1. The Petitioning Creditors are the heirs of one Nandlal Raheja who obtained a decree on admission against the judgment-debtor in the Bombay City Civil Court in Summary Suit No. 8300 of 1973 for Rs. 16,247.02 and for other reliefs mentioned in the decree on admission. This decree was obtained on the 7th of Feb. 1974. The judgment-debtor was the 2nd defendant in the suit. A similar decree was also obtained against defendant No. 3. The suit against the 1st defendant is still pending in the City Civil Court at Bombay. After the passing of the decree, some time in October 1976, Nandlal Raheja, the decree-holder, died. The petitioning creditors who are the heirs of Nandlal have been brought on the record of the suit which is still pending against the 1st defendant on or about the 21st of February 1977. Prior to the death of Nandlal. he had obtained an order under Order 21, Rule 22 of the Civil P. C. for execution of the decree. Notice under Order 21, Rule 22, was made absolute on the 8th of October 1976. Nandlal died thereafter and the petitioning creditors who are his heirs took out an insolvency notice against the judgment-debtor on the 1st of November 1977. No steps were taken by the judgment-debtor to have the insolvency notice dated the 1st of November 1977 set aside. Thereafter, the petitioning creditors filed the present petition dated the 3rd of March 1978 for an order of adjudication. The judgment-debtor has resisted this petition on the ground that the petitioning creditors, without obtaining representation to the estate of the deceased judgment-creditor, are not entitled to file a petition for an order of adjudication against the judgment-debtor.
2. The act of insolvency on the basis of which the present petition has been filed is non-compliance on the part of the judgment-debtor with the insolvency notice dated the 1st of November 1977. Under Section 9, Sub-section (i), of the Presidency Towns Insolvency Act, as amended by Bombay Act 51 of 1948, it is laid down as follows:--
'9. Acts of Insolvency. -- A debtor commits an act of insolvency in each of the following cases, namely:-- (i) if, after a creditor has served an insolvency notice on him under this Act in respect of a decree or an order for the payment of any amount due to such creditor, the execution of which is not stayed, he does not, within the period specified in the notice which shall not be less than one month, either comply with the requirements of the notice or satisfy the Court that he has a counter-claim or set-off which equals or exceeds the decretal amount or the amount ordered to be paid by him and which he could not lawfully set up in the suit or proceeding in which the decree or order was made against him.'
The language of Section 9(i) is reproduced in the form of an insolvency notice which is prescribed under the rules and forms of the High Court at Bombay under the Presidency Towns Insolvency Act. In the form of an insolvency notice which is prescribed by these rules, the petitioning creditor is required not merely to set out the decretal amount which he claims, but he has also to state that the execution of such a decree has not been stayed.
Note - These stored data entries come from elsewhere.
(* Let $0<\alpha<\delta$. Consider the birth–death continuous-time Markov chain on $\mathbb{Z}_{\ge0}$ in which, for $n\ge1$, $n\to n+1$ at rate $\alpha n$ and $n\to n-1$ at rate $\delta n$. For $n\ge1$ let $T_n$ be the first hitting time of $0$ starting from $n$. Then for all $n\ge1$, $$\frac{\ln(n+1)}{\delta}\le\mathbb{E}[T_n]\le\frac{1+\ln n}{\delta-\alpha}.$$ *)

theory Defs
  imports "HOL-Probability.Probability"
begin

text \<open>Explicit construction of the birth-death chain (rates: n to n+1 at alpha*n,
  n to n-1 at delta*n, 0 absorbing) via its jump chain and exponential holding times.
  A sample point omega assigns to each step k a pair (b_k, E_k) of independent random
  variables: b_k is a coin with P(True) = alpha/(alpha+delta) (True = birth), and
  E_k is Exp(1)-distributed; the holding time in state m > 0 is E_k / ((alpha+delta) m),
  i.e. Exp((alpha+delta) m)-distributed.\<close>

definition bd_step :: "nat \<Rightarrow> bool \<Rightarrow> nat" where
  "bd_step m b = (if m = 0 then 0 else if b then m + 1 else m - 1)"

primrec bd_jump_chain :: "nat \<Rightarrow> (nat \<Rightarrow> bool \<times> real) \<Rightarrow> nat \<Rightarrow> nat" where
  "bd_jump_chain n \<omega> 0 = n"
| "bd_jump_chain n \<omega> (Suc k) = bd_step (bd_jump_chain n \<omega> k) (fst (\<omega> k))"

definition bd_space :: "real \<Rightarrow> real \<Rightarrow> (nat \<Rightarrow> bool \<times> real) measure" where
  "bd_space \<alpha> \<delta> = PiM UNIV (\<lambda>_. measure_pmf (bernoulli_pmf (\<alpha> / (\<alpha> + \<delta>)))
                                  \<Otimes>\<^sub>M density lborel (exponential_density 1))"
It is, therefore, necessary to decide whether the claim of the petitioning creditors in the present petition is based on a claim arising out of a decree, execution of which has not been stayed. Without such a claim, no valid insolvency notice can be issued by the petitioning creditors; and there will not be any act of insolvency committed by the judgment-debtor as a result of non-compliance with such an insolvency notice.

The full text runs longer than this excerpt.